Choreographers – Xioa Chao Wen and Xin Ji 

This was much more dramatic and definitely gloomier. A lighting gantry hung low over a dark set. A bolt of lightning is accompanied by a roll of thunder. We see a body lying centre stage. 

This is a dystopian piece, with a very sci-fi vibe. The movements of the dancers are robotic, co-ordinated, almost manic. What unfolds is a masterful tale of uniformity, suffocation, and a desire to fit in. One lone holdout eventually gets caught up in this stark clinical world. But do they remain? 

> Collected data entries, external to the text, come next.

section \<open>Multiplier and order of a reversor\<close>

lemma reversor_multiplier:
  assumes p: "1 \<le> p" and f: "in_Ap p f" and g: "in_R f g"
  shows "deriv g 0 ^ p = -1"
proof -
  obtain F where F: "tangent_to_id p F f" using in_Ap_tangent_to_id[OF p f] by blast
  have fG: "in_G f" and gG: "in_G g" using f g by (auto simp: in_Ap_def in_Gp_def in_R_def)
  obtain finv where finv: "germ_inv f finv" and fg: "germ_eq (f \<circ> g) (g \<circ> finv)"
    using reversor_conjugates[OF fG g] by blast
  have finv0: "(finv \<longlongrightarrow> 0) (at 0)"
    using finv in_G_tendsto_zero by (auto simp: germ_inv_def)
  have "deriv g 0 * - F 0 = deriv g 0 ^ Suc p * F 0"
    using conjugate_displacement[OF gG F germ_eq_sym[OF fg] finv0
        tangent_to_id_inverse_displacement[OF F p _ finv0]] finv
    by (simp add: germ_inv_def)
  moreover have "deriv g 0 * F 0 * (deriv g 0 ^ p + 1)
      = deriv g 0 ^ Suc p * F 0 - deriv g 0 * - F 0"
    by (simp add: algebra_simps)
  ultimately have "deriv g 0 * F 0 * (deriv g 0 ^ p + 1) = 0"
    by simp
  moreover have "deriv g 0 \<noteq> 0" "F 0 \<noteq> 0"
    using gG F by (auto simp: in_G_def tangent_to_id_def)
  ultimately show ?thesis
    by (simp add: add_eq_0_iff2)
qed
lemma has_vector_derivative_series:
  fixes f f' :: "nat \<Rightarrow> real \<Rightarrow> 'a::banach"
  assumes "convex S"
    and "\<And>n x. x \<in> S \<Longrightarrow> (f n has_vector_derivative f' n x) (at x within S)"
    and "uniform_limit S (\<lambda>n x. \<Sum>i<n. f' i x) g' sequentially"
    and "x0 \<in> S" and "summable (\<lambda>n. f n x0)"
  shows "\<exists>g. \<forall>x\<in>S. (\<lambda>n. f n x) sums g x \<and> (g has_vector_derivative g' x) (at x within S)"
  unfolding has_vector_derivative_def
proof (rule has_derivative_series[where f = f and S = S and x = x0
      and f' = "\<lambda>n x h. h *\<^sub>R f' n x" and g' = "\<lambda>x h. h *\<^sub>R g' x",
      OF assms(1) _ _ assms(4) summable_sums[OF assms(5)]])
  show "(f n has_derivative (\<lambda>h. h *\<^sub>R f' n x)) (at x within S)" if "x \<in> S" for n x
    using assms(2)[OF that] by (simp add: has_vector_derivative_def)
  show "\<forall>\<^sub>F n in sequentially. \<forall>x\<in>S. \<forall>h.
      norm ((\<Sum>i<n. h *\<^sub>R f' i x) - h *\<^sub>R g' x) \<le> e * norm h" if "e > 0" for e
    using uniform_limitD[OF assms(3) that]
  proof (rule eventually_mono)
    fix n assume n: "\<forall>x\<in>S. dist (\<Sum>i<n. f' i x) (g' x) < e"
    show "\<forall>x\<in>S. \<forall>h. norm ((\<Sum>i<n. h *\<^sub>R f' i x) - h *\<^sub>R g' x) \<le> e * norm h"
    proof (intro ballI allI)
      fix x h assume "x \<in> S"
      have "norm ((\<Sum>i<n. h *\<^sub>R f' i x) - h *\<^sub>R g' x) = \<bar>h\<bar> * norm ((\<Sum>i<n. f' i x) - g' x)"
        by (simp add: scaleR_sum_right[symmetric] scaleR_diff_right[symmetric])
      also have "\<dots> \<le> \<bar>h\<bar> * e"
        using n \<open>x \<in> S\<close> by (intro mult_left_mono) (auto simp: dist_norm less_imp_le)
      finally show "norm ((\<Sum>i<n. h *\<^sub>R f' i x) - h *\<^sub>R g' x) \<le> e * norm h"
        by (simp add: mult.commute)
    qed
  qed
qed

definition mexp_term :: "real^'n^'n \<Rightarrow> nat \<Rightarrow> real \<Rightarrow> real^'n^'n" where
  "mexp_term M k s = (s^k / fact k) *\<^sub>R mpow M k"

lemma mpow_commute: "M ** mpow M k = mpow M k ** M"
  by (induction k) (simp_all add: matrix_mul_assoc)

lemma mpow_scaleR: "mpow (t *\<^sub>R M) k = t^k *\<^sub>R mpow M k"
  by (induction k) (simp_all add: scalar_matrix_assoc[symmetric] matrix_scalar_ac)

lemma mpow_transpose: "transpose (mpow M k) = mpow (transpose M) k"
  by (induction k) (simp_all add: matrix_transpose_mul mpow_commute)

lemma norm_mpow_le:
  fixes M :: "real^'n^'n"
  shows "norm (mpow M k) \<le> norm (mat 1 :: real^'n^'n) * norm M ^ k"
proof (induction k)
  case (Suc k)
  have "norm (mpow M (Suc k)) \<le> norm M * norm (mpow M k)"
    using norm_matrix_mult_le by simp
  also have "\<dots> \<le> norm M * (norm (mat 1 :: real^'n^'n) * norm M ^ k)"
    using Suc by (simp add: mult_left_mono)
  finally show ?case by (simp add: algebra_simps)
qed simp
text \<open>Integration by parts: \<open>u\<^sup>p exp (y u - u\<^sup>2/2)\<close> vanishes at \<open>0\<close> and \<open>\<infinity>\<close>.\<close>

lemma Fq_recurrence:
  assumes p: "p > 0"
  shows "Fq (p + 2) y = y * Fq (p + 1) y + p * Fq p y"
proof -
  define e where "e u = exp (y * u - u\<^sup>2 / 2)" for u :: real
  define f where "f u = p * (u powr (p - 1) * e u) + y * (u powr (p + 1 - 1) * e u)
      - u powr (p + 2 - 1) * e u" for u
  have int: "set_integrable lborel {0<..} (\<lambda>u. u powr (r - 1) * e u)" if "r > 0" for r
    unfolding e_def using set_integrable_Fq_integrand[OF that] .
  have int_f: "set_integrable lborel {0<..} f"
    unfolding f_def using p
    by (intro set_integral_diff(1) set_integral_add(1) set_integrable_mult_right int) auto
  have "(LBINT u=ereal 0..\<infinity>. f u) = 0 - 0"
  proof (rule interval_integral_FTC_integrable[where F = "\<lambda>u. u powr p * e u"])
    fix u :: real
    assume "ereal 0 < ereal u"
    then have u: "u > 0"
      by simp
    have "u powr (p + 1) = u powr p * u" "u powr (p + 2 - 1) = u powr p * u"
      using u by (simp_all add: powr_add)
    then have "p * u powr (p - 1) * e u + u powr p * (e u * (y - u)) = f u"
      by (simp add: f_def algebra_simps)
    moreover have "((\<lambda>u. u powr p * e u) has_real_derivative
        p * u powr (p - 1) * e u + u powr p * (e u * (y - u))) (at u)"
      unfolding e_def using u by (auto intro!: derivative_eq_intros simp: power2_eq_square)
    ultimately show "((\<lambda>u. u powr p * e u) has_vector_derivative f u) (at u)"
      by (simp add: has_real_derivative_iff_has_vector_derivative)
    show "isCont f u"
      unfolding f_def e_def using u by (intro continuous_intros) auto
  next
    show "set_integrable lborel (einterval (ereal 0) \<infinity>) f"
      using int_f by (simp add: einterval_eq_Ici)
    have "((\<lambda>u. u powr p * e u) \<longlongrightarrow> 0) (at_right 0)"
      unfolding e_def using p by real_asymp
    then show "(((\<lambda>u. u powr p * e u) \<circ> real_of_ereal) \<longlongrightarrow> 0) (at_right (ereal 0))"
      by (simp add: ereal_tendsto_simps1)
    have "((\<lambda>u. u powr p * e u) \<longlongrightarrow> 0) at_top"
      unfolding e_def by real_asymp
    then show "(((\<lambda>u. u powr p * e u) \<circ> real_of_ereal) \<longlongrightarrow> 0) (at_left \<infinity>)"
      by (simp add: ereal_tendsto_simps1)
  qed simp
  moreover have "(LBINT u=ereal 0..\<infinity>. f u) = p * Fq p y + y * Fq (p + 1) y - Fq (p + 2) y"
  proof -
    have "set_integrable lborel {0<..} (\<lambda>u. u powr (p + 1 - 1) * e u)"
      "set_integrable lborel {0<..} (\<lambda>u. u powr (p + 2 - 1) * e u)"
      using p by (simp_all only: int add_pos_pos zero_less_one zero_less_numeral)
    with int[OF p] have "(LINT u:{0<..}|lborel. f u) = p * Fq p y + y * Fq (p + 1) y - Fq (p + 2) y"
      unfolding f_def
      by (simp only: set_integral_diff set_integral_add set_integrable_mult_right
          set_integral_mult_right Fq_def e_def)
    then show ?thesis
      by (simp add: interval_lebesgue_integral_def einterval_eq_Ici)
  qed
  ultimately show ?thesis
    by simp
qed

section \<open>Solutions of \<open>\<phi>'' = y \<phi>' + q \<phi>\<close>\<close>

definition Fq_ode_solution :: "real \<Rightarrow> (real \<Rightarrow> real) \<Rightarrow> (real \<Rightarrow> real) \<Rightarrow> bool" where
  "Fq_ode_solution q \<phi> \<phi>' \<longleftrightarrow>
     (\<forall>y. (\<phi> has_real_derivative \<phi>' y) (at y)) \<and>
     (\<forall>y. (\<phi>' has_real_derivative y * \<phi>' y + q * \<phi> y) (at y))"

lemma Fq_ode_solution_deriv:
  "Fq_ode_solution q \<phi> \<phi>' \<Longrightarrow> (\<phi> has_real_derivative \<phi>' y) (at y)"
  by (simp add: Fq_ode_solution_def)

lemma Fq_ode_solution_deriv2:
  "Fq_ode_solution q \<phi> \<phi>' \<Longrightarrow> (\<phi>' has_real_derivative y * \<phi>' y + q * \<phi> y) (at y)"
  by (simp add: Fq_ode_solution_def)

lemma Fq_ode_solution_Fq:
  assumes "q > 0"
  shows "Fq_ode_solution q (Fq q) (Fq (q + 1))"
proof -
  have "(Fq (q + 1) has_real_derivative Fq (q + 1 + 1) y) (at y)" for y
    using assms by (intro has_real_derivative_Fq) simp
  moreover have "Fq (q + 1 + 1) y = y * Fq (q + 1) y + q * Fq q y" for y
    using Fq_recurrence[OF assms, of y] by (simp add: add.assoc)
  ultimately show ?thesis
    using has_real_derivative_Fq[OF assms] by (simp add: Fq_ode_solution_def)
qed

lemma Fq_ode_solution_reflect:
  assumes "Fq_ode_solution q \<phi> \<phi>'" and "\<sigma>\<^sup>2 = 1"
  shows "Fq_ode_solution q (\<lambda>y. \<phi> (\<sigma> * y)) (\<lambda>y. \<sigma> * \<phi>' (\<sigma> * y))"
  unfolding Fq_ode_solution_def
proof (intro conjI allI)
  fix y
  have scale: "((\<lambda>y. \<sigma> * y) has_real_derivative \<sigma>) (at y)"
    by (auto intro!: derivative_eq_intros)
  show "((\<lambda>y. \<phi> (\<sigma> * y)) has_real_derivative \<sigma> * \<phi>' (\<sigma> * y)) (at y)"
    using DERIV_chain2[OF Fq_ode_solution_deriv[OF assms(1)] scale] by (simp add: mult.commute)
  have "\<sigma> * ((\<sigma> * y * \<phi>' (\<sigma> * y) + q * \<phi> (\<sigma> * y)) * \<sigma>) = y * (\<sigma> * \<phi>' (\<sigma> * y)) + q * \<phi> (\<sigma> * y)"
    using assms(2) by (simp add: power2_eq_square distrib_left distrib_right mult.assoc[symmetric])
  then show "((\<lambda>y. \<sigma> * \<phi>' (\<sigma> * y)) has_real_derivative y * (\<sigma> * \<phi>' (\<sigma> * y)) + q * \<phi> (\<sigma> * y)) (at y)"
    using DERIV_cmult[OF DERIV_chain2[OF Fq_ode_solution_deriv2[OF assms(1)] scale], of \<sigma>] by (simp only:)
qed

lemma Fq_ode_solution_add:
  assumes "Fq_ode_solution q \<phi> \<phi>'" and "Fq_ode_solution q \<psi> \<psi>'"
  shows "Fq_ode_solution q (\<lambda>y. \<phi> y + \<psi> y) (\<lambda>y. \<phi>' y + \<psi>' y)"
  using assms unfolding Fq_ode_solution_def
  by (auto intro!: DERIV_cong[OF DERIV_add] simp: algebra_simps)

lemma Fq_ode_solution_Gq:
  assumes "q > 0"
  shows "Fq_ode_solution q (Gq q) (\<lambda>y. - Fq (q + 1) (- y))"
  using Fq_ode_solution_reflect[OF Fq_ode_solution_Fq[OF assms], of "-1"]
  by (simp add: Gq_def[abs_def])

lemma Fq_ode_solution_FGq:
  assumes "q > 0"
  shows "Fq_ode_solution q (FGq q) (\<lambda>y. Fq (q + 1) y - Fq (q + 1) (- y))"
  using Fq_ode_solution_add[OF Fq_ode_solution_Fq Fq_ode_solution_Gq, OF assms assms]
  by (simp add: FGq_def[abs_def])

lemma Gq_pos: "q > 0 \<Longrightarrow> Gq q y > 0"
  by (simp add: Gq_def Fq_pos)

lemma FGq_pos: "q > 0 \<Longrightarrow> FGq q y > 0"
  by (simp add: FGq_def Gq_pos Fq_pos add_pos_pos)

text \<open>For two solutions the derivative vanishes (Abel's identity).\<close>

definition scaled_wronskian ::
    "(real \<Rightarrow> real) \<Rightarrow> (real \<Rightarrow> real) \<Rightarrow> (real \<Rightarrow> real) \<Rightarrow> (real \<Rightarrow> real) \<Rightarrow> real \<Rightarrow> real" where
  "scaled_wronskian f f' g g' y = exp (- y\<^sup>2 / 2) * (f y * g' y - f' y * g y)"
(* Let $\mathcal{Q}$ be a small Cauchy-bilateral quantaloid. Then the Cauchy completion $\mathbb{A}_{\mathsf{cc}}$ of every symmetric $\mathcal{Q}$-category $\mathbb{A}$ is symmetric, and the symmetrisation $\mathbb{C}_{\mathsf s}$ of every Cauchy complete $\mathcal{Q}$-category $\mathbb{C}$ is Cauchy complete. (That is, Cauchy completion restricts to an endofunctor of $\mathsf{SymCat}(\mathcal{Q})$ and symmetrisation restricts to an endofunctor of the full subcategory of Cauchy complete $\mathcal{Q}$-categories.)
   Context: A quantaloid is a category enriched in $\mathsf{Sup}$ (complete lattices and supremum-preserving maps). An involution on $\mathcal{Q}$ is an assignment $f\mapsto f^{\mathsf o}$ on morphisms, identity on objects, sending $f\colon X\to Y$ to $f^{\mathsf o}\colon Y\to X$, monotone, with $(g\circ f)^{\mathsf o}=f^{\mathsf o}\circ g^{\mathsf o}$ and $f^{\mathsf{oo}}=f$. $\mathcal{Q}$ is Cauchy-bilateral if it is involutive and for every object $X$ and every family $(f_i\colon X\to X_i,\ g_i\colon X_i\to X)_{i\in I}$ of morphisms: if $f_k\circ g_j\circ f_j\le f_k$ and $g_j\circ f_j\circ g_k\le g_k$ for all $j,k\in I$ and $1_X\le\bigvee_i g_i\circ f_i$, then $1_X\le\bigvee_i(g_i\wedge f_i^{\mathsf o})\circ(g_i^{\mathsf o}\wedge f_i)$. A $\mathcal{Q}$-category $\mathbb{A}$: a set $\mathbb{A}_0$ of objects with types $tx\in\mathcal{Q}_0$ and homs $\mathbb{A}(y,x)\colon tx\to ty$ with $\mathbb{A}(z,y)\circ\mathbb{A}(y,x)\le\mathbb{A}(z,x)$, $1_{tx}\le\mathbb{A}(x,x)$. Functors $F\colon\mathbb{A}\to\mathbb{B}$: type-preserving object maps with $\mathbb{A}(y,x)\le\mathbb{B}(Fy,Fx)$. $\mathbb{A}$ is symmetric if $\mathbb{A}(x,y)=\mathbb{A}(y,x)^{\mathsf o}$. The symmetrisation $\mathbb{A}_{\mathsf s}$ has the same objects and $\mathbb{A}_{\mathsf s}(y,x)=\mathbb{A}(y,x)\wedge\mathbb{A}(x,y)^{\mathsf o}$. A distributor $\Phi\colon\mathbb{A}\to\mathbb{B}$: arrows $\Phi(y,x)\colon tx\to ty$ with $\mathbb{B}(y',y)\circ\Phi(y,x)\le\Phi(y',x)$, $\Phi(y,x)\circ\mathbb{A}(x,x')\le\Phi(y,x')$; composition $(\Psi\otimes\Phi)(z,x)=\bigvee_y\Psi(z,y)\circ\Phi(y,x)$, identities $\mathbb{A}(-,-)$, elementwise order. $\Phi$ is a left adjoint with right adjoint $\Phi^*$ if $\mathbb{A}\le\Phi^*\otimes\Phi$ and $\Phi\otimes\Phi^*\le\mathbb{B}$. $*_X$ is the one-object $\mathcal{Q}$-category of type $X$ with hom $1_X$; a presheaf on $\mathbb{A}$ is a distributor $*_X\to\mathbb{A}$, and it is representable if it equals $\mathbb{A}(-,a)$ for some $a$ of type $X$. $\mathbb{A}$ is Cauchy complete if every left adjoint presheaf on it is representable. The Cauchy completion $\mathbb{A}_{\mathsf{cc}}$ has objects the left adjoint presheaves $\phi\colon *_X\to\mathbb{A}$ (type $X$) and hom $\mathbb{A}_{\mathsf{cc}}(\psi,\phi)$ the unique element of $\psi^*\otimes\phi$. *)

theory Defs
  imports Main
begin
(* Consider an instance of the Steiner Team Orienteering Problem and the formulation $\mathcal{F}_2$ as described in the context, and let $\mathcal{K}$ be the set of conflicting vertex pairs. For every feasible solution $(x,y,f,\varphi)$ of $\mathcal{F}_2$, every pair $\langle i,j\rangle\in\mathcal{K}$ and every $V\subseteq N\setminus\{s\}$ with $\{i,j\}\subseteq V$, we have $\sum_{e\in\delta^-(V)}x_e\ge y_i+y_j$.
   Context: An instance of the Steiner Team Orienteering Problem (STOP) consists of: a digraph $G=(N,A)$; an origin $s\in N$ and a destination $t\in N$ with $s\neq t$; disjoint sets $S,P\subseteq N\setminus\{s,t\}$ (mandatory and profitable vertices) with $N=S\cup P\cup\{s,t\}$; rewards $p_i\in\mathbb{Z}^+$ for $i\in P$; traverse times $d_{ij}\in\mathbb{R}^+$ for $(i,j)\in A$; a number $m$ of vehicles and a time limit $T$. For $i\in N$ let $\delta^+(i)=\{j\in N:(i,j)\in A\}$ and $\delta^-(i)=\{j\in N:(j,i)\in A\}$; for $V\subseteq N$ let $\delta^+(V)=\{(i,j)\in A: i\in V, j\in N\setminus V\}$ and $\delta^-(V)=\{(i,j)\in A: i\in N\setminus V, j\in V\}$. For $i,j\in N$, $R_{ij}$ denotes the minimum of $\sum_{a\in A_p}d_a$ over all paths $p$ from $i$ to $j$ in $G$ (with arc set $A_p$), and $R_{ii}=0$. $\mathcal{K}$ is the set of pairs $\langle i,j\rangle$ with $i,j\in N\setminus\{s,t\}$ such that every route from $s$ to $t$ in $G$ visiting both $i$ and $j$ (in any order) has total traverse time (sum of $d$ over its arcs) exceeding $T$. $\mathcal{F}_2$: maximize $\sum_{i\in P}p_iy_i$ over $x\in\{0,1\}^A$, $y\in\{0,1\}^N$, $f\in\mathbb{R}^A$, $\varphi\in\mathbb{R}$ subject to: $y_i=1$ for all $i\in S\cup\{s,t\}$; $\sum_{j\in\delta^+(i)}x_{ij}=y_i$ for all $i\in S\cup P$; $\sum_{j\in\delta^+(s)}x_{sj}=\sum_{i\in\delta^-(t)}x_{it}=m-\varphi$; $\sum_{i\in\delta^-(s)}x_{is}=\sum_{j\in\delta^+(t)}x_{tj}=0$; $\sum_{j\in\delta^+(i)}x_{ij}-\sum_{j\in\delta^-(i)}x_{ji}=0$ for all $i\in S\cup P$; $f_{sj}=(T-d_{sj})x_{sj}$ for all $j\in\delta^+(s)$; $\sum_{j\in\delta^-(i)}f_{ji}-\sum_{j\in\delta^+(i)}f_{ij}=\sum_{j\in\delta^+(i)}d_{ij}x_{ij}$ for all $i\in S\cup P$; $f_{ij}\le(T-R_{si}-d_{ij})x_{ij}$ for all $(i,j)\in A$ with $i\neq s$; $f_{ij}\ge R_{jt}x_{ij}$ for all $(i,j)\in A$; $f\ge0$; $0\le\varphi\le m$. *)

theory Defs
  imports Complex_Main "HOL-Library.Extended_Real"
begin

definition out_nbrs :: "('v \<times> 'v) set \<Rightarrow> 'v \<Rightarrow> 'v set" where
  "out_nbrs A i = {j. (i, j) \<in> A}"

definition in_nbrs :: "('v \<times> 'v) set \<Rightarrow> 'v \<Rightarrow> 'v set" where
  "in_nbrs A i = {j. (j, i) \<in> A}"

definition delta_in_set :: "('v \<times> 'v) set \<Rightarrow> 'v set \<Rightarrow> ('v \<times> 'v) set" where
  "delta_in_set A V = {(i, j) \<in> A. i \<notin> V \<and> j \<in> V}"

definition is_path :: "('v \<times> 'v) set \<Rightarrow> 'v list \<Rightarrow> 'v \<Rightarrow> 'v \<Rightarrow> bool" where
  "is_path A xs u v \<longleftrightarrow> xs \<noteq> [] \<and> hd xs = u \<and> last xs = v \<and> distinct xs \<and>
     (\<forall>k. Suc k < length xs \<longrightarrow> (xs ! k, xs ! Suc k) \<in> A)"

definition path_cost :: "('v \<times> 'v \<Rightarrow> real) \<Rightarrow> 'v list \<Rightarrow> real" where
  "path_cost d xs = sum_list (map d (zip xs (tl xs)))"

text \<open>R_ij: shortest path time (infinite if j is unreachable from i), R_ii = 0.\<close>
definition sp_dist :: "('v \<times> 'v) set \<Rightarrow> ('v \<times> 'v \<Rightarrow> real) \<Rightarrow> 'v \<Rightarrow> 'v \<Rightarrow> ereal" where
  "sp_dist A d i j = (if i = j then 0
      else Inf {ereal (path_cost d xs) | xs. is_path A xs i j})"

definition stop_instance ::
  "'v set \<Rightarrow> ('v \<times> 'v) set \<Rightarrow> 'v \<Rightarrow> 'v \<Rightarrow> 'v set \<Rightarrow> 'v set \<Rightarrow> ('v \<Rightarrow> nat)
   \<Rightarrow> ('v \<times> 'v \<Rightarrow> real) \<Rightarrow> nat \<Rightarrow> real \<Rightarrow> bool" where
  "stop_instance N A s t S P p d m T \<longleftrightarrow>
     finite N \<and> A \<subseteq> N \<times> N \<and> (\<forall>i. (i, i) \<notin> A) \<and>
     s \<in> N \<and> t \<in> N \<and> s \<noteq> t \<and>
     S \<subseteq> N - {s, t} \<and> P \<subseteq> N - {s, t} \<and> S \<inter> P = {} \<and> N = S \<union> P \<union> {s, t} \<and>
     (\<forall>i\<in>P. p i > 0) \<and> (\<forall>a\<in>A. d a > 0)"

definition conflict_pairs ::
  "'v set \<Rightarrow> ('v \<times> 'v) set \<Rightarrow> 'v \<Rightarrow> 'v \<Rightarrow> ('v \<times> 'v \<Rightarrow> real) \<Rightarrow> real \<Rightarrow> ('v \<times> 'v) set" where
  "conflict_pairs N A s t d T = {(i, j). i \<in> N - {s, t} \<and> j \<in> N - {s, t} \<and>
     (\<forall>xs. is_path A xs s t \<and> i \<in> set xs \<and> j \<in> set xs \<longrightarrow> path_cost d xs > T)}"
(* Let $(X,d)$ be a compact metric space with $\operatorname{diam}(X,d)=1/2$ and let $\mathcal S$ be its hyperbolic filling with horizontal parameter $\lambda>1$ and vertical parameter $a>1$. (a) If $(z,n+1)$ is a child of $(x,n)$, then $d(x,z)<a^{-n}$. If $(y,k)$ is a descendant of $(x,n)$ (for some $k>n$), then $d(x,y)<\frac{a}{a-1}a^{-n}$. (b) If $\lambda\ge2+2\lambda a^{-1}$ and $D_2((x,n+1),(y,n+1))\le1$, then $D_2((x_0,n),(y_0,n))\le1$, where $(x_0,n),(y_0,n)$ are the parents of $(x,n+1),(y,n+1)$. Similarly, if $\lambda\ge2+4\lambda a^{-1}$ and $D_2((x,n+1),(y,n+1))\le2$, then $D_2((x_0,n),(y_0,n))\le1$. (c) Let $\lambda\ge6$. If $(x,n+1),(y,n+1)\in\mathcal S_{n+1}$ satisfy $d(x,y)\le4a^{-n}$ and $(x_0,n),(y_0,n)$ are their parents, then $D_2((x_0,n),(y_0,n))\le1$. (d) If $\lambda>1+a^{-1}$, then $D_1\le D_2\le2D_1$. (e) Let $\lambda>1+a^{-1}$. If $w\in\mathcal S_{n+1}$ and $u,v\in\mathcal S_n$ satisfy $D_1(u,w)=1$ and $D_2(v,w)=1$, then $D_2(u,v)\le1$.
   Context: Hyperbolic filling: fix an increasing sequence $X_0\subset X_1\subset\cdots$ with each $X_n$ a maximal $a^{-n}$-separated subset of $X$ (distinct points at distance $\ge a^{-n}$, maximal for inclusion). $\mathcal S_n=\{(x,n):x\in X_n\}$, $\mathcal S=\bigcup_{n\ge0}\mathcal S_n$. For each $(x,n)$ with $n\ge1$ a parent $(y,n-1)\in\mathcal S_{n-1}$ is fixed with $d(x,y)=\min_{z\in X_{n-1}}d(x,z)$; $(x,n)$ is then a child of $(y,n-1)$; $(x,n)$ is a descendant of $(y,k)$, $n>k$, if they are linked by a chain of parent–child relations. $D_1$ is the graph distance of the graph on $\mathcal S$ where distinct $(x,n),(y,m)$ are adjacent iff either $n=m$ and $B(x,\lambda a^{-n})\cap B(y,\lambda a^{-n})\ne\emptyset$, or $|n-m|=1$ and $B(x,a^{-n})\cap B(y,a^{-m})\ne\emptyset$. $D_2$ is the graph distance of the graph on $\mathcal S$ whose edges are the parent–child pairs and the pairs of distinct $(x,n),(y,n)$ with $B(x,\lambda a^{-n})\cap B(y,\lambda a^{-n})\neq\emptyset$. *)

theory Defs
  imports "HOL-Analysis.Analysis" "HOL-Library.Extended_Nat"
begin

Made in Them is a superb and exciting piece, replete with energetic industrial music and sparse set. The costumes are uniforms with black impenetrable helmets that take individuality and identity away. Themes of exploitation and violence run throughout it, and there is a cult like tribalism on display, but also, there is a sense of restlessness among the characters that hints at rebellion and a desire for freedom. As with LittleBits and AddOns, the choreography was excellent, and the dancers magnificent. 

With both of these works the New Zealand Dance Company has brought together seasoned performers and expert choreographers to deliver an exciting and enthralling night of dance theatre.